(Records from a data collection)
lemma pn_norm_bound_from_ball:
  assumes "pn_space \<nu>" "pn_space \<mu>" "linear S" "0 < w'" "w' < 1" "0 < s" "s < 1"
    and ball: "\<And>y. strong_dist \<nu> p y \<le> s \<Longrightarrow> pn_norm \<mu> w' (S y) \<le> c"
    and x: "pn_norm \<nu> (1 - s/2) x \<le> 1"
  shows "pn_norm \<mu> w' (S x) \<le> 4 * c / s"
proof -
  define y where "y = (s/2) *\<^sub>R x"
  have "pn_norm \<nu> (1 - s/2) y \<le> s/2 * pn_norm \<nu> (1 - s/2) x"
    unfolding y_def using assms(6,7) by (intro pn_norm_scaleR_le[OF assms(1)]) auto
  also have "\<dots> < s"
    using x assms(6) by (simp add: mult_le_cancel_left1 order.strict_trans1)
  finally have "strong_dist \<nu> p (p + y) \<le> s"
    by (rule strong_dist_add_le[OF assms(1,6,7)])
  then have "pn_norm \<mu> w' (S (p + y)) \<le> c" "pn_norm \<mu> w' (S p) \<le> c"
    using ball strong_dist_self[OF assms(1), of p] assms(6) by auto
  moreover have "S y = S (p + y) + - S p"
    using linear_add[OF assms(3)] by simp
  ultimately have Sy: "pn_norm \<mu> w' (S y) \<le> 2 * c"
    using pn_norm_triangle[OF assms(2,4,5), of "S (p + y)" "- S p"]
      pn_norm_minus[OF assms(2)] by simp
  have "S x = (2/s) *\<^sub>R S y"
    using linear_scale[OF assms(3)] assms(6) by (simp add: y_def)
  then have "pn_norm \<mu> w' (S x) \<le> 2/s * pn_norm \<mu> w' (S y)"
    using pn_norm_scaleR_le[OF assms(2,4,5), of "2/s" "S y"] assms(6) by simp
  also have "\<dots> \<le> 2/s * (2 * c)"
    using Sy assms(6) by (intro mult_left_mono) auto
  finally show ?thesis by simp
qed
(* Fix $\mathcal D>0$ and let $J(N,\widetilde D)$ be a twice continuously differentiable real function of $N>0$, $\widetilde D>0$. For $T>0$ consider $$\min_{N>0,\ \widetilde D\ge 2\mathcal D} J(N,\widetilde D)\quad\text{subject to}\quad N\widetilde D=T .$$ Let $I\subseteq(0,\infty)$ be an open interval and assume that for every $T\in I$ this problem has a unique minimizer $(N^\star(T),\widetilde D^\star(T))$ with $\widetilde D^\star(T)>2\mathcal D$, and that $T\mapsto (N^\star(T),\widetilde D^\star(T))$ is continuous on $I$. Writing $\mu=\log N$, $\nu=\log\widetilde D$ and $J(\mu,\nu):=J(e^\mu,e^\nu)$, assume that at every such optimum $(\mu^\star(T),\nu^\star(T))$: (1) $\partial^2 J/\partial\mu\partial\nu\le 0$; (2) $\partial^2J/\partial\mu^2>0$; (3) $\partial^2J/\partial\nu^2>0$. Then for all $T_1<T_2$ in $I$: $N^\star(T_2)>N^\star(T_1)$ and $\widetilde D^\star(T_2)>\widetilde D^\star(T_1)$.
   Context: In the paper's application, $N$ is the model size, $D$ the number of training tokens, $\widetilde D=6D+2\mathcal D$ the effective data with $\mathcal D$ the test-set size, and $J$ the two-part code length; the claim is purely analytic. *)

theory Defs
  imports "HOL-Analysis.Analysis"
begin

definition C2_on :: "(real \<times> real) set \<Rightarrow> (real \<times> real \<Rightarrow> real) \<Rightarrow> bool" where
  "C2_on S f \<longleftrightarrow>
     (\<exists>f' :: real \<times> real \<Rightarrow> ((real \<times> real) \<Rightarrow>\<^sub>L real).
      \<exists>f'' :: real \<times> real \<Rightarrow> ((real \<times> real) \<Rightarrow>\<^sub>L ((real \<times> real) \<Rightarrow>\<^sub>L real)).
        (\<forall>x\<in>S. (f has_derivative blinfun_apply (f' x)) (at x)) \<and>
        (\<forall>x\<in>S. (f' has_derivative blinfun_apply (f'' x)) (at x)) \<and>
        continuous_on S f'')"

definition Jlog :: "(real \<Rightarrow> real \<Rightarrow> real) \<Rightarrow> real \<Rightarrow> real \<Rightarrow> real" where
  "Jlog J \<mu> \<nu> = J (exp \<mu>) (exp \<nu>)"

definition d2_mu_mu :: "(real \<Rightarrow> real \<Rightarrow> real) \<Rightarrow> real \<Rightarrow> real \<Rightarrow> real" where
  "d2_mu_mu J \<mu> \<nu> = deriv (\<lambda>m. deriv (\<lambda>m'. Jlog J m' \<nu>) m) \<mu>"

definition d2_nu_nu :: "(real \<Rightarrow> real \<Rightarrow> real) \<Rightarrow> real \<Rightarrow> real \<Rightarrow> real" where
  "d2_nu_nu J \<mu> \<nu> = deriv (\<lambda>n. deriv (\<lambda>n'. Jlog J \<mu> n') n) \<nu>"

definition d2_mu_nu :: "(real \<Rightarrow> real \<Rightarrow> real) \<Rightarrow> real \<Rightarrow> real \<Rightarrow> real" where
  "d2_mu_nu J \<mu> \<nu> = deriv (\<lambda>n. deriv (\<lambda>m. Jlog J m n) \<mu>) \<nu>"
(* Let $d,a,b$ be positive integers, $r=(d+2b)/d$, $R=(a+d)/d$, with $R\ge3r$; let $\Phi$ and $x_0<r<x_1$ be as in the context. Let $x\in(1,\infty)$. (i) If $x\in[x_0,x_1]$, there is a unique $y_x\ge0$ with $x+iy_x\ne r$ and $\Phi(x+iy_x)=0$; moreover $\Phi(x+iy)>0$ for $0<y<y_x$ and $\Phi(x+iy)<0$ for $y>y_x$. (ii) If $x\notin[x_0,x_1]$, then $\Phi(x+iy)<0$ for every $y\ge0$.
   Context: For $t\in\mathbb C\setminus\{\pm1,\pm r\}$ let $\Phi(t)=d\log|t+r|-d\log|t-r|+(a+d)(\log|t-1|-\log|t+1|)$. Under $R\ge3r$, there is a unique $x_0\in(1,r)$ and a unique $x_1\in(r,\infty)$ with $\Phi(x_0)=\Phi(x_1)=0$. *)

theory Defs
  imports Complex_Main
begin

definition Phi :: "real \<Rightarrow> real \<Rightarrow> real \<Rightarrow> complex \<Rightarrow> real" where
  "Phi d a r t = d * ln (cmod (t + of_real r)) - d * ln (cmod (t - of_real r))
     + (a + d) * (ln (cmod (t - 1)) - ln (cmod (t + 1)))"

end

theory Submission
  imports Defs
begin

(* Writing t = x + iy with s = y^2, we have 2 Phi(t) = Psi x s, where
     Psi x s = d ln((x+r)^2+s) - d ln((x-r)^2+s) + A (ln((x-1)^2+s) - ln((x+1)^2+s)),
   A = a + d = R d.  Both relevant one-variable restrictions of Psi -- the real axis
   x |-> Psi x 0 on (r,oo) and each vertical line s |-> Psi x s -- are "valleys":
   their derivative, once nonnegative, stays positive, and they are eventually
   negative.  Such a function is strictly decreasing wherever it is still
   nonnegative, so it has at most one zero, is positive before it and negative after
   it (locale valley).  On (1,r) the real restriction is increasing.  Hence on the real
   axis Psi x 0 >= 0 exactly for x in [x0,x1]; for such x the vertical line starts
   nonnegative (at x = r it is positive for small s > 0), so it has a unique zero
   t >= 0 and y_x = sqrt t; for other x it starts negative and stays negative.
   The derivative signs reduce to the signs of explicit polynomials, monotone
   because R > r, and eventual negativity follows from ln u <= u - 1 and R >= 3r. *)

section \<open>Functions with a single valley that are eventually negative\<close>

locale valley =
  fixes h h' :: "real \<Rightarrow> real" and a B :: real
  assumes has_deriv: "\<And>s. a < s \<Longrightarrow> (h has_real_derivative h' s) (at s)"
    and deriv_single_crossing: "\<And>s t. a < s \<Longrightarrow> s < t \<Longrightarrow> h' s \<ge> 0 \<Longrightarrow> h' t > 0"
    and eventually_neg: "\<And>s. s \<ge> B \<Longrightarrow> h s < 0"
begin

▶ [TASK]:
Output the lines above exactly, but only those between the line holding "p (p + y) \<le>" and the line holding "real) set \<Rightarrow>", inclusive.

▶ [RESPONSE]:
  finally have "strong_dist \<nu> p (p + y) \<le> s"
    by (rule strong_dist_add_le[OF assms(1,6,7)])
  then have "pn_norm \<mu> w' (S (p + y)) \<le> c" "pn_norm \<mu> w' (S p) \<le> c"
    using ball strong_dist_self[OF assms(1), of p] assms(6) by auto
  moreover have "S y = S (p + y) + - S p"
    using linear_add[OF assms(3)] by simp
  ultimately have Sy: "pn_norm \<mu> w' (S y) \<le> 2 * c"
    using pn_norm_triangle[OF assms(2,4,5), of "S (p + y)" "- S p"]
      pn_norm_minus[OF assms(2)] by simp
  have "S x = (2/s) *\<^sub>R S y"
    using linear_scale[OF assms(3)] assms(6) by (simp add: y_def)
  then have "pn_norm \<mu> w' (S x) \<le> 2/s * pn_norm \<mu> w' (S y)"
    using pn_norm_scaleR_le[OF assms(2,4,5), of "2/s" "S y"] assms(6) by simp
  also have "\<dots> \<le> 2/s * (2 * c)"
    using Sy assms(6) by (intro mult_left_mono) auto
  finally show ?thesis by simp
qed
(* Fix $\mathcal D>0$ and let $J(N,\widetilde D)$ be a twice continuously differentiable real function of $N>0$, $\widetilde D>0$. For $T>0$ consider $$\min_{N>0,\ \widetilde D\ge 2\mathcal D} J(N,\widetilde D)\quad\text{subject to}\quad N\widetilde D=T .$$ Let $I\subseteq(0,\infty)$ be an open interval and assume that for every $T\in I$ this problem has a unique minimizer $(N^\star(T),\widetilde D^\star(T))$ with $\widetilde D^\star(T)>2\mathcal D$, and that $T\mapsto (N^\star(T),\widetilde D^\star(T))$ is continuous on $I$. Writing $\mu=\log N$, $\nu=\log\widetilde D$ and $J(\mu,\nu):=J(e^\mu,e^\nu)$, assume that at every such optimum $(\mu^\star(T),\nu^\star(T))$: (1) $\partial^2 J/\partial\mu\partial\nu\le 0$; (2) $\partial^2J/\partial\mu^2>0$; (3) $\partial^2J/\partial\nu^2>0$. Then for all $T_1<T_2$ in $I$: $N^\star(T_2)>N^\star(T_1)$ and $\widetilde D^\star(T_2)>\widetilde D^\star(T_1)$.
   Context: In the paper's application, $N$ is the model size, $D$ the number of training tokens, $\widetilde D=6D+2\mathcal D$ the effective data with $\mathcal D$ the test-set size, and $J$ the two-part code length; the claim is purely analytic. *)

theory Defs
  imports "HOL-Analysis.Analysis"
begin

definition C2_on :: "(real \<times> real) set \<Rightarrow> (real \<times> real \<Rightarrow> real) \<Rightarrow> bool" where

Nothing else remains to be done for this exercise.